Monday, October 29, 2007

This entry deserves bad clip art.

Head falls forward onto the desk with a THUMP.

I guess I've been extremely lucky, but I've not had a cold knock me on my ass like this in at least a couple of years. I woke up yesterday morning at 8:30. I'd had ~8-9 hours of sleep. I went back to bed at 9 and slept until 11:30. Then at 1 p.m. I went to sleep again, until 5. Then I crashed out at about 9 p.m. last night and slept until 6 a.m. today. Ouch.

I'm feeling really, really ranty today. Part of it is because I'm sick.

I'm annoyed, though, too. Lemme try to tell you about it without incriminating/identifying any other people involved.

Saturday evening I walked out of a party after being reminded that DRAMA is something I avoid.

Background: I was looking forward to having a good time, having perfected my Lucy Van Pelt costume. But then I lost my keys. And getting to this party was a comedy of errors: First I got stuck on the grocery store line where people were writing checks and having to call the freaking manager every two seconds (twice on one order! And there were no other lanes open! 20 minutes to buy a bag of ice!) Then I got behind people going 20 mph in a 45, caught every single light, and was unable to stop sweating from the tizzy I had when I lost my keys. I arrived late, disheveled, frustrated and stressed. I was mad at myself, and also feeling like crap physically.

Here's the really bad part, the part I've not confessed to y'all. Some of you know this a little, and others have no idea. But for the last, oh, month or so, maybe longer, I've been slipping up on the "I don't smoke" part of my identity. Oops. No wait--that's not enough emphasis.

OOPS!!!!!!!!!!!

Better.

It began with alcohol, as these sorts of things often do, and I wasn't too terribly worried. But then it began to get worse. A couple of personal disappointments, and I'd bum a cig from the neighbor. A couple of beers out and I'd bum from a stranger. At one point I bought a pack, smoked a couple and gave it away. Then I bought two packs--BOGO. I smoked a couple, and figured I'd give the pack to the neighbor. But I didn't. Not immediately.

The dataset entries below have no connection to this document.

(* Let $p\ge2$ be a fixed integer and let $\lambda,\mu$ be integral partitions all of whose entries are powers $p^i$ ($i\ge0$) of $p$. Then $\lambda\hookrightarrow\mu$ if and only if $\lambda\preccurlyeq_S\mu$.
   Context: An integral partition is a finite nonincreasing sequence of positive integers. $\lambda=[\lambda_1,\ldots,\lambda_m]$ embeds into $\mu=[\mu_1,\ldots,\mu_n]$, written $\lambda\hookrightarrow\mu$, if there is a map $\varphi:\{1,\ldots,m\}\to\{1,\ldots,n\}$ with $\sum_{i\in\varphi^{-1}(j)}\lambda_i\le\mu_j$ for all $j$. $\lambda\preccurlyeq_S\mu$ ($\mu$ supermajorizes $\lambda$) means: for every $x\in\mathbb N$, $\sum_{\lambda_i\ge x}\lambda_i\le\sum_{\mu_j\ge x}\mu_j$. *)

theory Defs
  imports Main
begin

definition integral_partition :: "nat list \<Rightarrow> bool" where
  "integral_partition xs \<longleftrightarrow> sorted_wrt (\<ge>) xs \<and> (\<forall>x\<in>set xs. x > 0)"

definition embeds :: "nat list \<Rightarrow> nat list \<Rightarrow> bool" where
  "embeds lam mu \<longleftrightarrow>
     (\<exists>\<phi>::nat \<Rightarrow> nat. (\<forall>i<length lam. \<phi> i < length mu) \<and>
        (\<forall>j<length mu. (\<Sum>i\<in>{i. i < length lam \<and> \<phi> i = j}. lam ! i) \<le> mu ! j))"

Do you see where this is going? Well this weekend I was bound and determined to make sure that I didn't continue let myself slip into a pattern that I really, really didn't want. So I said to myself that no matter what, I was not going to smoke Saturday night.

And then in that long line at the grocery store, after losing my keys and having to put up with asinine grocery staff, I bought a pack. And smoked a couple on the way to the party.

So add extremely disappointed in myself to the list of things I was feeling when I arrived.

I sat away from other people for a minute, hoping that I could just brush the pissyness off. I saw a friend, probably the only one there that I feel really close to, and called the friend over. The friend was getting their partner a beer but said they'd stop back in just a second. The friend returned, and a few seconds later the partner showed up. I explained a little bit about why I was frazzled, and then the partner looked at me and said:

"You realize you're a smoker again, don't you Stew? You might as well just admit it."

I was flabbergasted. That is the LAST thing I needed to hear--extremely hurtful. I just stared.

"I mean, you'd rather I straight up tell you the truth than lie to you, right?"

I just stared again. Then I walked into the other room. I sat there, seething. What the FUCK? Why did this person decide that was an appropriate thing to say? Did they think it would somehow be HELPFUL to kick me in the stomach? Within a few moments, the person came to find me.

"I'm sorry Stew, I didn't know that was a sore point." (Um....yes you did--I've known you for how many years?)

Drama Person tried to back out but none of the explanations were flying with me. It boiled down to Drama Person being hateful because of someone else not meeting Drama person's needs.

This isn't the first time I've dealt with similar issues. I've decided to avoid Drama Person as best I can.